● **Problem statement**
Return the following from the records below: each line, word for word, starting with the line that contains "e_def f_def by simp" and going on through the line that contains "using inv ab", with nothing outside that range.

● **Provided data**

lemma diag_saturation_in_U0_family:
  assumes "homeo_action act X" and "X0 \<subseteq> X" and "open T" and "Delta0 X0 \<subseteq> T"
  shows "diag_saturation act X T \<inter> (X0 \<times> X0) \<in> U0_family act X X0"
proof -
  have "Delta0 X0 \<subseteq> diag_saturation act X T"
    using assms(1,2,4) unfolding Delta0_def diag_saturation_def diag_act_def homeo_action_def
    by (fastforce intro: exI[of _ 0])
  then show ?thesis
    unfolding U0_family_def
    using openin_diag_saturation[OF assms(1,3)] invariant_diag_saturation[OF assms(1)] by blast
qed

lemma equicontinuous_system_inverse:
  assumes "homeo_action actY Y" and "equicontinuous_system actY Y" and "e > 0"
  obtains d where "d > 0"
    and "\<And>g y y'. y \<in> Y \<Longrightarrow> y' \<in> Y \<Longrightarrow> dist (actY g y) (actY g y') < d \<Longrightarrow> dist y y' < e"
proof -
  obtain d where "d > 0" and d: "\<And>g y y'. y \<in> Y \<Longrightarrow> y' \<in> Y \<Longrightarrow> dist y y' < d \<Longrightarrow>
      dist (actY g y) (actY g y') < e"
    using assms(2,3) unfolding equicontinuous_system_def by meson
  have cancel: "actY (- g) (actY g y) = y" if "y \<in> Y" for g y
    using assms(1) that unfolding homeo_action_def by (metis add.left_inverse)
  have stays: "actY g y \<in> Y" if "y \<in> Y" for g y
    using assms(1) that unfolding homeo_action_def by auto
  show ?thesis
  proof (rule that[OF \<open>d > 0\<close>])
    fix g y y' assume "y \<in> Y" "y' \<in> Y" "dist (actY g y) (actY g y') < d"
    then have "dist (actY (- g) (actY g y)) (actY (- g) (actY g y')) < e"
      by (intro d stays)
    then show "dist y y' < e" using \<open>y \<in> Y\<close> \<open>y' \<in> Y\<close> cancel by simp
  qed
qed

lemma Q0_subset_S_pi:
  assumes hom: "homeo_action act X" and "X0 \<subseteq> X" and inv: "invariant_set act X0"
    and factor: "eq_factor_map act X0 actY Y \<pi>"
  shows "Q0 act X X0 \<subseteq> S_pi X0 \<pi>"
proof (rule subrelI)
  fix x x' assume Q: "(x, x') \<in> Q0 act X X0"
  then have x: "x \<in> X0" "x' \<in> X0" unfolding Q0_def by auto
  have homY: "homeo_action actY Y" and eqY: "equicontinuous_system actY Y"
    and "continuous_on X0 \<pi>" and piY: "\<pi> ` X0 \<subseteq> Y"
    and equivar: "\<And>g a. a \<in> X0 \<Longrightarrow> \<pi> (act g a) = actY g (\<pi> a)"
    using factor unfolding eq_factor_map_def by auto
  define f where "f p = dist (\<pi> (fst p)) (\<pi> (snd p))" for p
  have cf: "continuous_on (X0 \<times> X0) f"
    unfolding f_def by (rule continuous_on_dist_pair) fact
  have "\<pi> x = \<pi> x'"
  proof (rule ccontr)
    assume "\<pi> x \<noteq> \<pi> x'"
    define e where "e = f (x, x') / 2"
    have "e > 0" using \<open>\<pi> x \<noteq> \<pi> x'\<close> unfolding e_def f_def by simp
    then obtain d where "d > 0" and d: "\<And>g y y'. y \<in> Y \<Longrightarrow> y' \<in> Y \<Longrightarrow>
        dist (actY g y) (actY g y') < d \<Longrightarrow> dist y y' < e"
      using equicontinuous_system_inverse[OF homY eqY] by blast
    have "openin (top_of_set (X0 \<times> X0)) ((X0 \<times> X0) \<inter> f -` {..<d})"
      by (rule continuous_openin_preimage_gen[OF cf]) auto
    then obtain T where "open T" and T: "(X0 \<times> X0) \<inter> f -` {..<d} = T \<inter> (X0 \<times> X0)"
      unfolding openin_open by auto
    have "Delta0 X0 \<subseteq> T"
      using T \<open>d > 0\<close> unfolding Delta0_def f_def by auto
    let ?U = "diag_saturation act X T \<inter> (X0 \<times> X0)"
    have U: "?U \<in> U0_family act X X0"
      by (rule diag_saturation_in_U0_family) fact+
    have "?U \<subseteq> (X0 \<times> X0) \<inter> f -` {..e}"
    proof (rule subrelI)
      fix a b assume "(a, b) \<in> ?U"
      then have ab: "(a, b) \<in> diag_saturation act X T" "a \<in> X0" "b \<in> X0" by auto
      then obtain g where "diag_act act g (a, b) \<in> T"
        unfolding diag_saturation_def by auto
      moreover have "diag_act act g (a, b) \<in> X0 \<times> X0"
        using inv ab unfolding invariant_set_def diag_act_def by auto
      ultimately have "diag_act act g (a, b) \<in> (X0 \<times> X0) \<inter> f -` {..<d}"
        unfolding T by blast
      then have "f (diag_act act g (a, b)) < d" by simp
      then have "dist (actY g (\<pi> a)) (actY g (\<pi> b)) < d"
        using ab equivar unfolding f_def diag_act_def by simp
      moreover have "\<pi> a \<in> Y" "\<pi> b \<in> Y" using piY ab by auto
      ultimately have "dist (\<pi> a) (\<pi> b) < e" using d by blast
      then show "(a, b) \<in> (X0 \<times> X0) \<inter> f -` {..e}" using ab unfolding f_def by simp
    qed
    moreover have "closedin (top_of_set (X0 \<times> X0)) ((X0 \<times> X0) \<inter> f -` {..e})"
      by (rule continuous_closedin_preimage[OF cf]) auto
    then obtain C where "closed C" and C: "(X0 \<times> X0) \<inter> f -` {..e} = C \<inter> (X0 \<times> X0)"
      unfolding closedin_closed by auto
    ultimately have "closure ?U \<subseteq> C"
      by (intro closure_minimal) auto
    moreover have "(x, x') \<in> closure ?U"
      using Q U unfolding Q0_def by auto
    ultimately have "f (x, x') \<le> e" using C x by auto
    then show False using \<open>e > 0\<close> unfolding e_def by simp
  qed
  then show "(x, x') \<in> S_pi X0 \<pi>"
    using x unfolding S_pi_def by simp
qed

● **Problem solution**
    have "e > 0" using \<open>\<pi> x \<noteq> \<pi> x'\<close> unfolding e_def f_def by simp
    then obtain d where "d > 0" and d: "\<And>g y y'. y \<in> Y \<Longrightarrow> y' \<in> Y \<Longrightarrow>
        dist (actY g y) (actY g y') < d \<Longrightarrow> dist y y' < e"
      using equicontinuous_system_inverse[OF homY eqY] by blast
    have "openin (top_of_set (X0 \<times> X0)) ((X0 \<times> X0) \<inter> f -` {..<d})"
      by (rule continuous_openin_preimage_gen[OF cf]) auto
    then obtain T where "open T" and T: "(X0 \<times> X0) \<inter> f -` {..<d} = T \<inter> (X0 \<times> X0)"
      unfolding openin_open by auto
    have "Delta0 X0 \<subseteq> T"
      using T \<open>d > 0\<close> unfolding Delta0_def f_def by auto
    let ?U = "diag_saturation act X T \<inter> (X0 \<times> X0)"
    have U: "?U \<in> U0_family act X X0"
      by (rule diag_saturation_in_U0_family) fact+
    have "?U \<subseteq> (X0 \<times> X0) \<inter> f -` {..e}"
    proof (rule subrelI)
      fix a b assume "(a, b) \<in> ?U"
      then have ab: "(a, b) \<in> diag_saturation act X T" "a \<in> X0" "b \<in> X0" by auto
      then obtain g where "diag_act act g (a, b) \<in> T"
        unfolding diag_saturation_def by auto
      moreover have "diag_act act g (a, b) \<in> X0 \<times> X0"
        using inv ab unfolding invariant_set_def diag_act_def by auto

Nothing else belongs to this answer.